(Excerpts from a dataset)
___

text \<open>The lattice Gamma in C^n = C^('m + 'k) spanned (over Z) by the columns of
  P = ((0, I_m, T), (I_(n-m), R1, R2)); coordinates Inl a are the first m rows,
  coordinates Inr i the last n-m rows.\<close>
definition period_lattice ::
  "complex^'m^'m \<Rightarrow> real^'m^'k \<Rightarrow> real^'m^'k \<Rightarrow> (complex^('m + 'k)) set" where
  "period_lattice T R1 R2 =
    {(\<Sum>j\<in>UNIV. of_int (a j) *s (\<chi> idx. case idx of Inl _ \<Rightarrow> 0 | Inr i \<Rightarrow> (if i = j then 1 else 0)))
     + (\<Sum>l\<in>UNIV. of_int (b l) *s (\<chi> idx. case idx of Inl p \<Rightarrow> (if p = l then 1 else 0)
                                                 | Inr i \<Rightarrow> complex_of_real (R1$i$l)))
     + (\<Sum>l\<in>UNIV. of_int (c l) *s (\<chi> idx. case idx of Inl p \<Rightarrow> T$p$l
                                                 | Inr i \<Rightarrow> complex_of_real (R2$i$l)))
     | (a :: 'k \<Rightarrow> int) (b :: 'm \<Rightarrow> int) (c :: 'm \<Rightarrow> int). True}"

definition torus_lattice :: "complex^'m^'m \<Rightarrow> (complex^'m) set" where
  "torus_lattice T =
    {(\<Sum>l\<in>UNIV. of_int (b l) *s (\<chi> p. if p = l then 1 else 0))
     + (\<Sum>l\<in>UNIV. of_int (c l) *s (\<chi> p. T$p$l))
     | (b :: 'm \<Rightarrow> int) (c :: 'm \<Rightarrow> int). True}"

text \<open>Kernel lattice of (C^*)^q x C^r/L, viewed as C^(q+r) modulo
  (2 pi i Z)^q x L (C^* = C / 2 pi i Z via exp).\<close>
definition split_lattice :: "(complex^'r) set \<Rightarrow> (complex^('q::finite + 'r)) set" where
  "split_lattice L = {v. (\<forall>i. \<exists>z::int. v$(Inl i) = 2 * of_real pi * \<i> * of_int z)
                          \<and> (\<chi> j. v$(Inr j)) \<in> L}"

text \<open>Isomorphism of connected commutative complex Lie groups C^n/G and C^N/G':
  a complex-linear isomorphism of the universal covers carrying G onto G'.\<close>
definition quotient_iso :: "(complex^'a) set \<Rightarrow> (complex^'b) set \<Rightarrow> bool" where
  "quotient_iso G G' \<longleftrightarrow> (\<exists>\<phi>. bij \<phi> \<and> clinear_vec \<phi> \<and> \<phi> ` G = G')"

end

theory Submission
  imports Defs
begin

(* A Riemann form of the abelian variety C^m / Lambda_T is pulled back along a complex-linear
   map psi : C^r -> C^m.  Under the decomposition isomorphism phi, the maximal complex subspace
   C^m x 0 of the real span of Gamma corresponds to 0 x C^m_Lambda, because the real span of the
   kernel lattice of the factor (C-star)^q is purely imaginary; hence
   psi = pr_(C^m) o phi^-1 o (0 x -) maps C^m_Lambda isomorphically onto C^m and Lambda into
   Lambda_T.  The pulled-back form H is then positive definite on C^m_Lambda with Im H integral
   on Lambda, and since ker psi lies in the kernel of Im H, C^m_Lambda is a complement of that
   kernel in the real span of Lambda: Im H has rank 2m there, so H has kind 0. *)

lemma scaleR_eq_of_real_smult: "c *\<^sub>R (x :: complex^'n) = complex_of_real c *s x"
  by (simp add: vec_eq_iff flip: scaleR_conv_of_real)

lemma clinear_vecD:
  assumes "clinear_vec f"
  shows "f (x + y) = f x + f y" "f (c *s x) = c *s f x"
  using assms unfolding clinear_vec_def by blast+

lemma clinear_vec_imp_linear: "clinear_vec f \<Longrightarrow> linear f"
  by (intro linearI) (simp_all add: clinear_vecD scaleR_eq_of_real_smult)

lemma clinear_vec_compose: "clinear_vec f \<Longrightarrow> clinear_vec g \<Longrightarrow> clinear_vec (f \<circ> g)"
  unfolding clinear_vec_def by simp

lemma clinear_vec_inv:
  assumes "bij f" "clinear_vec f"
  shows "clinear_vec (inv f)"
proof -
  have "inv f (x + y) = inv f x + inv f y" "inv f (c *s x) = c *s inv f x" for x y c
    using assms(1) by (metis bij_inv_eq_iff clinear_vecD[OF assms(2)])+
  then show ?thesis unfolding clinear_vec_def by blast
qed

lemma hermitian_formD:
  assumes "hermitian_form H"
  shows "H (u + v) w = H u w + H v w" "H (c *s v) w = c * H v w" "H v w = cnj (H w v)"
  using assms unfolding hermitian_form_def by blast+

lemma hermitian_form_smult_right:
  assumes "hermitian_form H"
  shows "H v (c *s w) = cnj c * H v w"
proof -
  have "H v (c *s w) = cnj (c * H w v)"
    using hermitian_formD(2,3)[OF assms] by metis
  then show ?thesis
    using hermitian_formD(3)[OF assms, of v w] by simp
qed

lemma hermitian_form_scaleR_left:
  assumes "hermitian_form H"
  shows "H (c *\<^sub>R v) w = c *\<^sub>R H v w"
  by (simp add: hermitian_formD(2)[OF assms] scaleR_eq_of_real_smult scaleR_conv_of_real)

lemma hermitian_form_zero_left:
  assumes "hermitian_form H"
  shows "H 0 w = 0"
  using hermitian_formD(2)[OF assms, of 0 0 w] by simp

lemma hermitian_form_diff_left:
  assumes "hermitian_form H"
  shows "H (u - v) w = H u w - H v w"
  by (metis add_diff_cancel_right' diff_add_cancel hermitian_formD(1)[OF assms])

lemma hermitian_form_Im_i_smult_self:
  assumes "hermitian_form H"
  shows "Im (H v (\<i> *s v)) = - Re (H v v)"
proof -
  have "Im (H v v) = 0"
    using arg_cong[OF hermitian_formD(3)[OF assms, of v v], of Im] by simp
  then show ?thesis by (simp add: hermitian_form_smult_right[OF assms])
qed

lemma hermitian_form_pullback:
  assumes "hermitian_form H" "clinear_vec f"
  shows "hermitian_form (\<lambda>u v. H (f u) (f v))"
  unfolding hermitian_form_def
  by (simp add: hermitian_formD(1,2)[OF assms(1)] clinear_vecD[OF assms(2)])
    (metis hermitian_formD(3)[OF assms(1)])

lemma max_complex_subspace_subset_span: "max_complex_subspace L \<subseteq> span L"
  unfolding max_complex_subspace_def by blast

lemma subspace_max_complex_subspace: "subspace (max_complex_subspace L)"
  unfolding max_complex_subspace_def
proof (rule subspace_inter)
  have "linear (\<lambda>v::complex^'n. \<i> *s v)"
    by (intro linearI) (auto simp: scaleR_eq_of_real_smult vec_eq_iff algebra_simps)
  then show "subspace ((\<lambda>v. \<i> *s v) ` span L)"
    by (rule linear_subspace_image) simp
qed simp

lemma i_smult_in_span_if_in_max_complex_subspace:
  assumes "v \<in> max_complex_subspace L"
  shows "\<i> *s v \<in> span L"
proof -
  obtain v' where "v' \<in> span L" "v = \<i> *s v'"
    using assms unfolding max_complex_subspace_def by blast
  moreover have "\<i> *s (\<i> *s v') = - v'" by (simp add: vec_eq_iff)
  ultimately show ?thesis by (simp add: span_neg)
qed

lemma max_complex_subspace_linear_image:
  fixes f :: "complex^'a \<Rightarrow> complex^'b"
  assumes "inj f" "clinear_vec f"
  shows "max_complex_subspace (f ` G) = f ` max_complex_subspace G"
proof -
  have "(\<lambda>v. \<i> *s v) ` f ` span G = f ` (\<lambda>v. \<i> *s v) ` span G"
    by (simp add: image_image clinear_vecD[OF assms(2)])
  then show ?thesis
    unfolding max_complex_subspace_def
    by (simp add: span_linear_image clinear_vec_imp_linear[OF assms(2)] image_Int[OF assms(1)])
qed

lemma im_rank_on_eq_dim_max_complex_subspace:
  assumes herm: "hermitian_form H"
    and pos: "\<And>v. v \<in> max_complex_subspace L \<Longrightarrow> v \<noteq> 0 \<Longrightarrow> Re (H v v) > 0"
    and supplement: "\<And>v. v \<in> span L \<Longrightarrow> \<exists>u\<in>max_complex_subspace L. \<forall>w. H v w = H u w"
  shows "im_rank_on H L = dim (max_complex_subspace L)"
proof -
  define M where "M = max_complex_subspace L"
  define K where "K = {v \<in> span L. \<forall>w\<in>span L. Im (H v w) = 0}"
  have "subspace K"
    unfolding subspace_def K_def
    by (auto simp: span_zero span_add span_scale hermitian_formD(1)[OF herm]
        hermitian_form_scaleR_left[OF herm] hermitian_form_zero_left[OF herm])
  have "subspace M"
    unfolding M_def by (rule subspace_max_complex_subspace)
  have "K \<inter> M = {0}"
  proof (rule ccontr)
    assume "K \<inter> M \<noteq> {0}"
    moreover have "0 \<in> K \<inter> M" using \<open>subspace K\<close> \<open>subspace M\<close> subspace_0 by blast
    ultimately obtain v where v: "v \<in> K" "v \<in> M" "v \<noteq> 0" by blast
    then have "Im (H v (\<i> *s v)) = 0"
      unfolding K_def M_def using i_smult_in_span_if_in_max_complex_subspace by blast
    then show False
      using hermitian_form_Im_i_smult_self[OF herm, of v] pos[OF v(2,3)[unfolded M_def]] by simp
  qed
  have "{a + b |a b. a \<in> K \<and> b \<in> M} = span L"
  proof
    show "{a + b |a b. a \<in> K \<and> b \<in> M} \<subseteq> span L"
      using max_complex_subspace_subset_span span_add unfolding K_def M_def by blast
    show "span L \<subseteq> {a + b |a b. a \<in> K \<and> b \<in> M}"
    proof
      fix v assume v: "v \<in> span L"
      then obtain u where u: "u \<in> M" "\<forall>w. H v w = H u w"
        using supplement unfolding M_def by blast
      then have "v - u \<in> K"
        unfolding K_def M_def using v max_complex_subspace_subset_span
        by (auto simp: hermitian_form_diff_left[OF herm] intro: span_diff)
      then show "v \<in> {a + b |a b. a \<in> K \<and> b \<in> M}"
        using u(1) by (metis (mono_tags, lifting) CollectI diff_add_cancel)
    qed
  qed
  then have "dim (span L) = dim K + dim M"
    using dim_sums_Int[OF \<open>subspace K\<close> \<open>subspace M\<close>] \<open>K \<inter> M = {0}\<close> by simp
  then show ?thesis
    unfolding im_rank_on_def K_def[symmetric] M_def by simp
qed

lemma quasi_abelian_kind0_pullback:
  fixes f :: "complex^'r \<Rightarrow> complex^'m"
  assumes "abelian_variety L'" "clinear_vec f" "f ` L \<subseteq> L'"
    and "inj_on f (max_complex_subspace L)" "f ` max_complex_subspace L = UNIV"
  shows "quasi_abelian_kind0 L"
proof -
  obtain H where herm: "hermitian_form H" and pos: "\<And>v. v \<noteq> 0 \<Longrightarrow> Re (H v v) > 0"
    and int: "\<forall>a\<in>L'. \<forall>b\<in>L'. Im (H a b) \<in> \<int>"
    using assms(1) unfolding abelian_variety_def by blast
  define H' where "H' u v = H (f u) (f v)" for u v
  have herm': "hermitian_form H'"
    unfolding H'_def using herm assms(2) by (rule hermitian_form_pullback)
  have pos': "Re (H' v v) > 0" if "v \<in> max_complex_subspace L" "v \<noteq> 0" for v
  proof -
    have "f 0 = 0" "0 \<in> max_complex_subspace L"
      using clinear_vecD(2)[OF assms(2), of 0 0] subspace_max_complex_subspace subspace_0 by auto
    then have "f v \<noteq> 0"
      using that assms(4) by (metis inj_on_eq_iff)
    then show ?thesis unfolding H'_def by (rule pos)
  qed
  have "\<exists>u\<in>max_complex_subspace L. \<forall>w. H' v w = H' u w" for v
    unfolding H'_def using assms(5) by (metis UNIV_I imageE)
  then have "im_rank_on H' L = dim (max_complex_subspace L)"
    using im_rank_on_eq_dim_max_complex_subspace[OF herm' pos'] by blast
  moreover have "\<forall>a\<in>L. \<forall>b\<in>L. Im (H' a b) \<in> \<int>"
    unfolding H'_def using int assms(3) by blast
  ultimately have "ample_riemann_form_kind H' L 0"
    unfolding ample_riemann_form_kind_def using herm' pos' by simp
  then show ?thesis unfolding quasi_abelian_kind0_def by blast
qed

definition vec_Inl_part :: "'a^('m::finite + 'k::finite) \<Rightarrow> 'a^'m" where
  "vec_Inl_part z = (\<chi> l. z $ Inl l)"

definition vec_Inr_part :: "'a^('m::finite + 'k::finite) \<Rightarrow> 'a^'k" where
  "vec_Inr_part z = (\<chi> j. z $ Inr j)"

definition vec_of_Inl :: "'a^'m \<Rightarrow> ('a::zero)^('m::finite + 'k::finite)" where
  "vec_of_Inl x = (\<chi> i. case i of Inl l \<Rightarrow> x $ l | Inr _ \<Rightarrow> 0)"

definition vec_of_Inr :: "'a^'k \<Rightarrow> ('a::zero)^('m::finite + 'k::finite)" where
  "vec_of_Inr y = (\<chi> i. case i of Inl _ \<Rightarrow> 0 | Inr j \<Rightarrow> y $ j)"

lemma vec_Inl_part_vec_of_Inl [simp]: "vec_Inl_part (vec_of_Inl x) = x"
  by (simp add: vec_Inl_part_def vec_of_Inl_def vec_eq_iff)

lemma vec_Inr_part_vec_of_Inr [simp]: "vec_Inr_part (vec_of_Inr y) = y"
  by (simp add: vec_Inr_part_def vec_of_Inr_def vec_eq_iff)

lemma vec_of_Inr_component [simp]:
  "vec_of_Inr y $ Inl l = 0" "vec_of_Inr y $ Inr j = y $ j"
  by (simp_all add: vec_of_Inr_def)

lemma vec_of_Inl_component [simp]:
  "vec_of_Inl x $ Inl l = x $ l" "vec_of_Inl x $ Inr j = 0"
  by (simp_all add: vec_of_Inl_def)

lemma vec_of_Inl_vec_Inl_part:
  assumes "\<And>j. z $ Inr j = 0"
  shows "vec_of_Inl (vec_Inl_part z) = z"
  unfolding vec_eq_iff
proof
  fix i show "vec_of_Inl (vec_Inl_part z) $ i = z $ i"
    using assms by (cases i) (simp_all add: vec_Inl_part_def)
qed

lemma vec_of_Inr_vec_Inr_part:
  assumes "\<And>l. z $ Inl l = 0"
  shows "vec_of_Inr (vec_Inr_part z) = z"
  unfolding vec_eq_iff
proof
  fix i show "vec_of_Inr (vec_Inr_part z) $ i = z $ i"
    using assms by (cases i) (simp_all add: vec_Inr_part_def)
qed

lemma clinear_vec_vec_Inl_part: "clinear_vec vec_Inl_part"
  by (simp add: clinear_vec_def vec_Inl_part_def vec_eq_iff)

lemma clinear_vec_vec_of_Inr: "clinear_vec vec_of_Inr"
  by (simp add: clinear_vec_def vec_of_Inr_def vec_eq_iff split: sum.split)

lemma vec_of_Inr_in_split_lattice: "a \<in> L \<Longrightarrow> vec_of_Inr a \<in> split_lattice L"
  unfolding split_lattice_def by (auto intro: exI[of _ 0] simp flip: vec_Inr_part_def)

lemma span_split_lattice_subset:
  "span (split_lattice L) \<subseteq> {w. (\<forall>j. Re (w $ Inl j) = 0) \<and> vec_Inr_part w \<in> span L}"
proof (rule span_minimal)
  show "split_lattice L \<subseteq> {w. (\<forall>j. Re (w $ Inl j) = 0) \<and> vec_Inr_part w \<in> span L}"
    unfolding split_lattice_def vec_Inr_part_def
  proof (auto intro: span_base)
    fix x j
    assume "\<forall>i. \<exists>z::int. x $ Inl i = 2 * complex_of_real pi * \<i> * of_int z"
    then obtain z :: int where "x $ Inl j = 2 * complex_of_real pi * \<i> * of_int z" by blast
    then show "Re (x $ Inl j) = 0" by simp
  qed
  have lin: "linear vec_Inr_part"
    by (intro linearI) (simp_all add: vec_Inr_part_def vec_eq_iff)
  show "subspace {w. (\<forall>j. Re (w $ Inl j) = 0) \<and> vec_Inr_part w \<in> span L}"
    unfolding subspace_def
    by (simp add: linear_0[OF lin] linear_add[OF lin] linear_scale[OF lin] span_zero span_add span_scale)
qed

___

In the records, which lines use the word "coordinates"? Report them.

SOLUTION FOR THIS TASK>
  P = ((0, I_m, T), (I_(n-m), R1, R2)); coordinates Inl a are the first m rows,
  coordinates Inr i the last n-m rows.\<close>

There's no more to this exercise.